DNA (Deoxyribonucleic acid) is the genetic material present in almost every cell in the body. Inside each cell, the DNA molecule (which looks like a ladder structure that has been twisted into a spiral) is organized into chromosomes. Each person has 46 chromosomes or 23 pairs, one set from each parent. Thus, a person receives half of their genetic material or DNA from the biological mother and the other half from the biological father.
		The DNA test is the most powerful method of identification in use today. It examines the DNA, the root of genetic variation. The DNA testing procedure produces a pattern for each individual. These patterns are similar in appearance to the bar codes found on products in the supermarket. DNA testing can thus be used to establish the familial relationship between individuals, as well as to certify the origin of almost any biological tissue by comparing it to another known specimen.
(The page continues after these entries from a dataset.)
lemma sum_moebius_power:
  assumes "1 \<le> e" "e \<le> q"
  shows "(\<Sum>u\<in>unit_roots (q + 1). moebius u ^ e) = 0"
proof -
  have "(\<Sum>u\<in>unit_roots (q + 1). moebius u ^ e) = (\<Sum>u\<in>unit_roots (q + 1). u ^ e)"
    by (rule sum.reindex_bij_betw[OF bij_betw_moebius])
  also have "\<dots> = 0"
    using assms sum_unit_roots_power_less_double[OF card_unit_roots_Suc_q, of e] by simp
  finally show ?thesis .
qed

lemma sum_moebius_power_mult_power_q:
  assumes "1 \<le> e" "e \<le> q"
  shows "(\<Sum>u\<in>unit_roots (q + 1). moebius u ^ e * u ^ q) = c ^ (q * (e - 1))"
proof -
  define d where "d = c ^ q"
  have d_power: "d ^ (q + 1) = c * d"
    by (simp only: d_def power_q_power_Suc_q)
  have "d ^ (q + 1) \<noteq> 1"
    unfolding d_power using c_mult_power_q_neq_1 by (simp add: d_def)
  have "1 - d ^ (q + 1) = 1 + c * d"
    unfolding d_power by (rule minus_CHAR_2[OF CHAR_eq_2])
  have "(\<Sum>u\<in>unit_roots (q + 1). moebius u ^ e * u ^ q)
      = (\<Sum>v\<in>unit_roots (q + 1). v ^ e * moebius v ^ q)"
    by (rule sum.reindex_bij_witness[of _ moebius moebius])
      (use moebius_moebius moebius_mem_unit_roots in auto)
  also have "\<dots> = (\<Sum>v\<in>unit_roots (q + 1). c * (v ^ (e + 1) / (v - d)) + v ^ e / (v - d))"
    by (intro sum.cong refl)
      (simp add: moebius_power_q d_def minus_CHAR_2[OF CHAR_eq_2] field_simps add_divide_distrib)
  also have "\<dots> = c * (\<Sum>v\<in>unit_roots (q + 1). v ^ (e + 1) / (v - d))
      + (\<Sum>v\<in>unit_roots (q + 1). v ^ e / (v - d))"
    by (simp add: sum.distrib sum_distrib_left)
  also have "\<dots> = (c * d ^ e + d ^ (e - 1)) / (1 + c * d)"
    using assms sum_unit_roots_power_divide_diff[OF card_unit_roots_Suc_q \<open>d ^ (q + 1) \<noteq> 1\<close>, of "e + 1"]
      sum_unit_roots_power_divide_diff[OF card_unit_roots_Suc_q \<open>d ^ (q + 1) \<noteq> 1\<close>, of e]
    unfolding \<open>1 - d ^ (q + 1) = 1 + c * d\<close> by (simp add: of_nat_q_eq_0 add_divide_distrib)
  also have "\<dots> = d ^ (e - 1)"
  proof -
    have "c * d ^ e + d ^ (e - 1) = d ^ (e - 1) * (1 + c * d)"
      using assms(1) by (cases e) (simp_all add: algebra_simps)
    moreover have "1 + c * d \<noteq> 0"
      unfolding d_def by (rule one_add_c_mult_power_q_nonzero)
    ultimately show ?thesis
      by simp
  qed
  also have "\<dots> = c ^ (q * (e - 1))"
    by (simp add: d_def power_mult)
  finally show ?thesis .
qed
text \<open>Vectors of U^* (+) U are functions on the index set Z minus 0 (value 0 at index 0 by
convention): negative indices carry gamma (arbitrary), positive indices carry y (finitary).\<close>

type_synonym vec = "int \<Rightarrow> complex"
type_synonym mat = "int \<Rightarrow> int \<Rightarrow> complex"

definition VE :: "vec set" where
  "VE = {v. v 0 = 0 \<and> finite {i. 0 < i \<and> v i \<noteq> 0}}"

text \<open>The pairing <(gamma,y),(kappa,z)> = gamma(z) + kappa(y).\<close>
definition pairing :: "vec \<Rightarrow> vec \<Rightarrow> complex" where
  "pairing v w = (\<Sum>i\<in>{i. 0 < i \<and> w i \<noteq> 0}. v (-i) * w i)
               + (\<Sum>i\<in>{i. 0 < i \<and> v i \<noteq> 0}. w (-i) * v i)"

definition linear_on_VE :: "(vec \<Rightarrow> vec) \<Rightarrow> bool" where
  "linear_on_VE \<phi> \<longleftrightarrow> (\<forall>v\<in>VE. \<forall>w\<in>VE. \<forall>a b::complex.
      \<phi> (\<lambda>i. a * v i + b * w i) = (\<lambda>i. a * \<phi> v i + b * \<phi> w i))"

text \<open>The Mackey group G(U^* (+) U, U^* (+) U): invertible linear maps whose dual maps
U^* (+) U (embedded in its dual via the pairing) onto itself.\<close>
definition mackey_G :: "(vec \<Rightarrow> vec) \<Rightarrow> bool" where
  "mackey_G \<phi> \<longleftrightarrow> linear_on_VE \<phi> \<and> bij_betw \<phi> VE VE \<and>
     (\<forall>w\<in>VE. \<exists>w'\<in>VE. \<forall>v\<in>VE. pairing w (\<phi> v) = pairing w' v) \<and>
     (\<forall>w'\<in>VE. \<exists>w\<in>VE. \<forall>v\<in>VE. pairing w (\<phi> v) = pairing w' v)"

definition inJ :: "mat \<Rightarrow> bool" where
  "inJ M \<longleftrightarrow> (\<forall>j. M 0 j = 0) \<and> (\<forall>i. M i 0 = 0) \<and>
     (\<forall>i<0. finite {j. j < 0 \<and> M i j \<noteq> 0}) \<and>
     (\<forall>j>0. finite {i. 0 < i \<and> M i j \<noteq> 0}) \<and>
     finite {(i, j). 0 < i \<and> j < 0 \<and> M i j \<noteq> 0}"
(* Let $\mathfrak g$ be a real Lie algebra of dimension $2n$ with a Hermitian structure $(J,g)$, and let $\mathfrak a\subseteq\mathfrak g$ be an abelian ideal of codimension $2$ with $J\mathfrak a=\mathfrak a$. Then there exists a unitary frame $e_1,\dots,e_n$ of $\mathfrak g^{1,0}$ such that $\mathfrak a\otimes\mathbb C$ is spanned by $e_2,\dots,e_n,\bar e_2,\dots,\bar e_n$, and numbers $\lambda\ge0$, $v\in\mathbb C^{n-1}$, $X,Y,Z\in M_{n-1}(\mathbb C)$, such that, writing $\varphi=(\varphi_2,\dots,\varphi_n)^t$, $$d\varphi_1=-\lambda\,\varphi_1\wedge\bar\varphi_1,\qquad d\varphi=-\varphi_1\wedge\bar\varphi_1\,\bar v-\varphi_1\wedge{}^tX\varphi+\bar\varphi_1\wedge\bar Y\varphi-\varphi_1\wedge\bar Z\,\bar\varphi,$$ (i.e. $d\varphi_i=-\bar v_i\varphi_1\wedge\bar\varphi_1-\sum_jX_{ji}\varphi_1\wedge\varphi_j+\sum_j\overline{Y_{ij}}\bar\varphi_1\wedge\varphi_j-\sum_j\overline{Z_{ij}}\varphi_1\wedge\bar\varphi_j$). Moreover, for any such frame the data satisfy $$\lambda(X^\ast+Y)+[X^\ast,Y]-Z\bar Z=0,\qquad \lambda Z-(Z\,{}^tX+YZ)=0.$$
   Context: A Hermitian structure on a real Lie algebra $\mathfrak g$ is an integrable almost complex structure $J$ together with a $J$-invariant inner product $g$. $\mathfrak g^{1,0}=\{x-\sqrt{-1}Jx\}$; $g$ extended complex-bilinearly; a unitary frame is a basis $e_1,\dots,e_n$ of $\mathfrak g^{1,0}$ with $g(e_i,\bar e_j)=\delta_{ij}$, with dual coframe $\varphi_1,\dots,\varphi_n$; $d$ is the Chevalley–Eilenberg differential ($d\alpha(x,y)=-\alpha([x,y])$). ${}^tM$ is the transpose, $\bar M$ the entrywise conjugate, $M^\ast={}^t\bar M$. *)

theory Defs
  imports "HOL-Analysis.Analysis"
begin

text \<open>A real Lie algebra: a finite-dimensional real vector space 'g (any euclidean_space
  type; its own inner product is NOT used) with a bracket B.\<close>
definition lie_algebra :: "('g::euclidean_space \<Rightarrow> 'g \<Rightarrow> 'g) \<Rightarrow> bool" where
  "lie_algebra B \<longleftrightarrow> bilinear B \<and> (\<forall>x. B x x = 0) \<and>
     (\<forall>x y z. B x (B y z) + B y (B z x) + B z (B x y) = 0)"
lemma clone_restr_image:
  assumes C: "clone N C" and d: "0 < d" "d \<le> N" and pres: "\<forall>p\<in>C. pres_cong N d p"
  shows "clone d (restr d ` C)"
  unfolding clone_def
proof (intro conjI allI impI ballI)
  show "restr d ` C \<subseteq> ops d"
    using clone_subset_ops[OF C] restr_in_ops d(1) by blast
next
  fix k i :: nat assume "1 \<le> k" "i < k"
  then show "proj d k i \<in> restr d ` C"
    using proj_in_clone[OF C] restr_proj[OF d(2)] by (metis image_eqI)
next
  fix f' l gs' assume f': "f' \<in> restr d ` C" and l: "1 \<le> l"
    and gs': "length gs' = fst f' \<and> (\<forall>g\<in>set gs'. g \<in> restr d ` C \<and> fst g = l)"
  obtain f where f: "f \<in> C" "f' = restr d f" using f' by blast
  have "gs' \<in> lists (restr d ` C)" using gs' by auto
  then obtain gs where gs: "gs \<in> lists C" "gs' = map (restr d) gs"
    by (auto simp: lists_image)
  have len: "length gs = fst f" and ar: "\<forall>g\<in>set gs. g \<in> C \<and> fst g = l"
    using gs gs' f by auto
  have "compose N f l gs \<in> C"
    using compose_in_clone[OF C f(1) l len ar] .
  moreover have "restr d (compose N f l gs) = compose d f' l gs'"
    unfolding f(2) gs(2)
    using clone_subset_ops[OF C] f(1) pres len ar l by (intro restr_compose[OF d]) auto
  ultimately show "compose d f' l gs' \<in> restr d ` C" by (metis image_eqI)
qed

lemma restr_image_in_Jk:
  assumes "clone N C" "addop N \<in> C" "\<forall>p\<in>C. pres_cong N d p" "d dvd N" "0 < N"
  shows "restr d ` C \<in> Jk d"
proof -
  have "0 < d" "d \<le> N" using assms(4,5) by (auto intro: dvd_imp_le dvd_pos_nat)
  then have "clone d (restr d ` C)" using clone_restr_image assms(1,3) by blast
  moreover have "addop d \<in> restr d ` C"
    using restr_addop[OF assms(4,5)] assms(2) by (metis image_eqI)
  ultimately show ?thesis unfolding Jk_def by blast
qed

section \<open>Products of operations and of clones\<close>

lemma fst_prod_op [simp]: "fst (prod_op m n g h) = fst g"
  by (simp add: prod_op_def)

lemma prod_op_commute:
  assumes "fst g = fst h"
  shows "prod_op n m h g = prod_op m n g h"
proof -
  have "(z < m * n \<and> z mod n = b \<and> z mod m = a) \<longleftrightarrow> (z < m * n \<and> z mod m = a \<and> z mod n = b)"
    for z a b :: nat
    by auto
  then show ?thesis using assms unfolding prod_op_def by (simp add: mult.commute[of n m] cong: if_cong)
qed
lemma has_integral_beta_weight_centered:
  fixes a b p q M :: real
  assumes "a < b" "p > 0" "q > 0" and M: "M = a + (b - a) * (p + 1) / (p + q + 2)"
  shows "((\<lambda>t. (t - M) * ((t - a) powr p * (b - t) powr q)) has_integral 0) {a..b}"
proof -
  define F where "F t = (t - a) powr (p + 1) * (b - t) powr (q + 1)" for t
  define F' where "F' t = - (p + q + 2) * ((t - M) * ((t - a) powr p * (b - t) powr q))" for t
  have "continuous_on {a..b} F"
    unfolding F_def using assms by (intro continuous_intros continuous_on_powr') auto
  moreover have "(F has_vector_derivative F' t) (at t)" if t: "t \<in> {a<..<b}" for t
  proof -
    have "(F has_real_derivative
        (p + 1) * (t - a) powr p * (b - t) powr (q + 1) - (q + 1) * (b - t) powr q * (t - a) powr (p + 1)) (at t)"
      unfolding F_def using t by (auto intro!: derivative_eq_intros)
    moreover have "(p + 1) * (t - a) powr p * (b - t) powr (q + 1) - (q + 1) * (b - t) powr q * (t - a) powr (p + 1)
        = ((p + 1) * (b - t) - (q + 1) * (t - a)) * ((t - a) powr p * (b - t) powr q)"
      using t by (simp add: powr_add algebra_simps)
    moreover have "(p + 1) * (b - t) - (q + 1) * (t - a) = - (p + q + 2) * (t - M)"
      using assms by (simp add: M field_simps)
    ultimately have "(F has_real_derivative F' t) (at t)"
      by (simp add: F'_def mult.assoc)
    then show ?thesis
      by (simp add: has_real_derivative_iff_has_vector_derivative)
  qed
  ultimately have "(F' has_integral (F b - F a)) {a..b}"
    using assms by (intro fundamental_theorem_of_calculus_interior) auto
  moreover have "F b - F a = 0"
    using assms by (simp add: F_def)
  ultimately have "((\<lambda>t. - 1 / (p + q + 2) * F' t) has_integral 0) {a..b}"
    using has_integral_mult_right[of F' 0 "{a..b}" "- 1 / (p + q + 2)"] by simp
  moreover have "- 1 / (p + q + 2) * F' t = (t - M) * ((t - a) powr p * (b - t) powr q)" for t
    using assms(2,3) by (simp add: F'_def field_simps)
  ultimately show ?thesis
    by simp
qed

lemma weighted_mean_eq_if_centered:
  fixes v :: "real \<Rightarrow> real"
  assumes "v integrable_on S" "(\<lambda>t. t * v t) integrable_on S" "integral S v \<noteq> 0"
    and "((\<lambda>t. (t - M) * v t) has_integral 0) S"
  shows "integral S (\<lambda>t. t * v t) / integral S v = M"
  using integral_mult_diff_left[OF assms(1,2), of M] integral_unique[OF assms(4)] assms(3)
  by (simp add: divide_eq_eq)

lemma weighted_mean_le_if_centered_bound:
  fixes v w :: "real \<Rightarrow> real"
  assumes "w integrable_on S" "(\<lambda>t. t * w t) integrable_on S" "integral S w > 0"
    and v: "((\<lambda>t. (t - M) * v t) has_integral 0) S"
    and bound: "\<And>t. t \<in> S \<Longrightarrow> (t - M) * w t \<le> K * ((t - M) * v t)"
  shows "integral S (\<lambda>t. t * w t) / integral S w \<le> M"
proof -
  have "integral S (\<lambda>t. t * w t) - M * integral S w = integral S (\<lambda>t. (t - M) * w t)"
    using integral_mult_diff_left[OF assms(1,2)] by simp
  also have "\<dots> \<le> integral S (\<lambda>t. K * ((t - M) * v t))"
  proof (rule integral_le)
    show "(\<lambda>t. (t - M) * w t) integrable_on S"
      using integrable_diff[OF assms(2) integrable_on_cmult_left[OF assms(1), of M]]
      by (simp add: left_diff_distrib)
    show "(\<lambda>t. K * ((t - M) * v t)) integrable_on S"
      using has_integral_mult_right[OF v] by blast
  qed (rule bound)
  also have "\<dots> = 0"
    using integral_unique[OF has_integral_mult_right[OF v, of K]] by simp
  finally show ?thesis
    using assms(3) by (simp add: pos_divide_le_eq)
qed
lemma eigenvalues_mat2_real:
  assumes "mat2_discr a b c d \<ge> 0"
  shows "eigenvalues (mat2 a b c d) \<subseteq> \<real>"
proof
  fix \<mu> assume "\<mu> \<in> eigenvalues (mat2 a b c d)"
  define r where "r = sqrt (mat2_discr a b c d)"
  have "(2*\<mu> - of_real (a + d))^2 = (of_real r)^2"
    using \<open>\<mu> \<in> _\<close> assms by (simp add: eigenvalues_mat2_iff r_def flip: of_real_power)
  then have "2 * \<mu> = of_real (a + d + r) \<or> 2 * \<mu> = of_real (a + d - r)"
    unfolding power2_eq_iff by (auto simp: algebra_simps)
  then have "2 * \<mu> \<in> \<real>"
    by auto
  then show "\<mu> \<in> \<real>"
    by (metis Reals_divide Reals_numeral nonzero_mult_div_cancel_left zero_neq_numeral)
qed

lemma eigenvalues_mat2_nonreal:
  assumes "mat2_discr a b c d < 0"
  shows "\<exists>\<mu>\<in>eigenvalues (mat2 a b c d). \<mu> \<notin> \<real>"
proof
  define t where "t = sqrt (- mat2_discr a b c d)"
  have "t > 0" "t^2 = - mat2_discr a b c d"
    using assms by (simp_all add: t_def)
  let ?\<mu> = "of_real ((a + d) / 2) + \<i> * of_real (t / 2)"
  have "(2 * ?\<mu> - of_real (a + d))^2 = (\<i> * of_real t)^2"
    by (simp add: complex_eq_iff field_simps)
  also have "\<dots> = of_real (mat2_discr a b c d)"
    using \<open>t^2 = _\<close> by (simp add: power_mult_distrib flip: of_real_power)
  finally show "?\<mu> \<in> eigenvalues (mat2 a b c d)"
    by (simp only: eigenvalues_mat2_iff)
  show "?\<mu> \<notin> \<real>"
    using \<open>t > 0\<close> by (simp add: complex_is_Real_iff)
qed

text \<open>The rows of the conjugating matrix are left eigenvectors; which of the two candidate
  rows \<open>(c, l - a)\<close> and \<open>(l - d, b)\<close> is nonzero depends on which off-diagonal entry vanishes.\<close>
lemma mat2_diagonalizable:
  assumes "mat2_discr a b c d > 0"
  shows "\<exists>T l1 l2. invertible T \<and> T ** mat2 a b c d = mat2 l1 0 0 l2 ** T"
proof -
  define r where "r = sqrt (mat2_discr a b c d)"
  have "r > 0" "r^2 = (a - d)^2 + 4*b*c"
    using assms by (simp_all add: r_def mat2_discr_def)
  define l1 where "l1 = (a + d + r) / 2"
  define l2 where "l2 = (a + d - r) / 2"
  have eig: "(l1 - a) * (l1 - d) = b*c" "(l2 - a) * (l2 - d) = b*c"
    using \<open>r^2 = _\<close> by (simp_all add: l1_def l2_def field_simps power2_eq_square)
  have "l1 \<noteq> l2"
    using \<open>r > 0\<close> by (simp add: l1_def l2_def)
  consider "c \<noteq> 0" | "c = 0" "b \<noteq> 0" | "c = 0" "b = 0"
    by blast
  then show ?thesis
  proof cases
    case 1
    have "invertible (mat2 c (l1 - a) c (l2 - a))"
      using 1 \<open>l1 \<noteq> l2\<close> by (simp add: invertible_mat2_iff algebra_simps)
    moreover have "mat2 c (l1 - a) c (l2 - a) ** mat2 a b c d = mat2 l1 0 0 l2 ** mat2 c (l1 - a) c (l2 - a)"
      using eig by (simp add: mat2_eq_iff algebra_simps)
    ultimately show ?thesis by blast
  next
    case 2
    have "invertible (mat2 (l1 - d) b (l2 - d) b)"
      using 2 \<open>l1 \<noteq> l2\<close> by (simp add: invertible_mat2_iff algebra_simps)
    moreover have "mat2 (l1 - d) b (l2 - d) b ** mat2 a b c d = mat2 l1 0 0 l2 ** mat2 (l1 - d) b (l2 - d) b"
      using eig 2 by (simp add: mat2_eq_iff algebra_simps)
    ultimately show ?thesis by blast
  next
    case 3
    have "mat 1 ** mat2 a b c d = mat2 a 0 0 d ** mat 1"
      using 3 by simp
    then show ?thesis
      using invertible_mat_1 by blast
  qed
qed

lemma mat2_rotation_similar:
  assumes "mat2_discr a b c d < 0"
  shows "\<exists>T s t. invertible T \<and> T ** mat2 a b c d = mat2 s (- t) t s ** T"
proof -
  define t where "t = sqrt (- mat2_discr a b c d) / 2"
  have "t > 0" "4 * t^2 = - ((a - d)^2 + 4*b*c)"
    using assms by (simp_all add: t_def mat2_discr_def power_divide)
  have "c \<noteq> 0"
    using assms by (auto simp: mat2_discr_def)
  let ?T = "mat2 c ((d - a) / 2) 0 t"
  have "invertible ?T"
    using \<open>c \<noteq> 0\<close> \<open>t > 0\<close> by (simp add: invertible_mat2_iff)
  moreover have "?T ** mat2 a b c d = mat2 ((a + d) / 2) (- t) t ((a + d) / 2) ** ?T"
    using \<open>4 * t^2 = _\<close> by (simp add: mat2_eq_iff field_simps power2_eq_square)
  ultimately show ?thesis by blast
qed

lemma det_commutator_diagonal:
  "det (commutator (mat2 l1 0 0 l2) (mat2 p q u v)) = (l1 - l2)^2 * (q * u)"
  by (simp add: commutator_def power2_eq_square algebra_simps)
		For example, while each person is genetically unique, parents and children will share some DNA. It is this shared DNA which makes DNA testing useful in matters of paternity. In paternity cases, the lab compares the bands of the child and alleged father. If there is a non-match, the alleged father is excluded and if there is a match, the lab determines, using a population database, how often the match occurs in the general population. The odds of a match can then be converted in to a probability. For example, in all paternity cases where there is a match, the probability of paternity will be greater than 99.9% and 0% in the case of a non-match.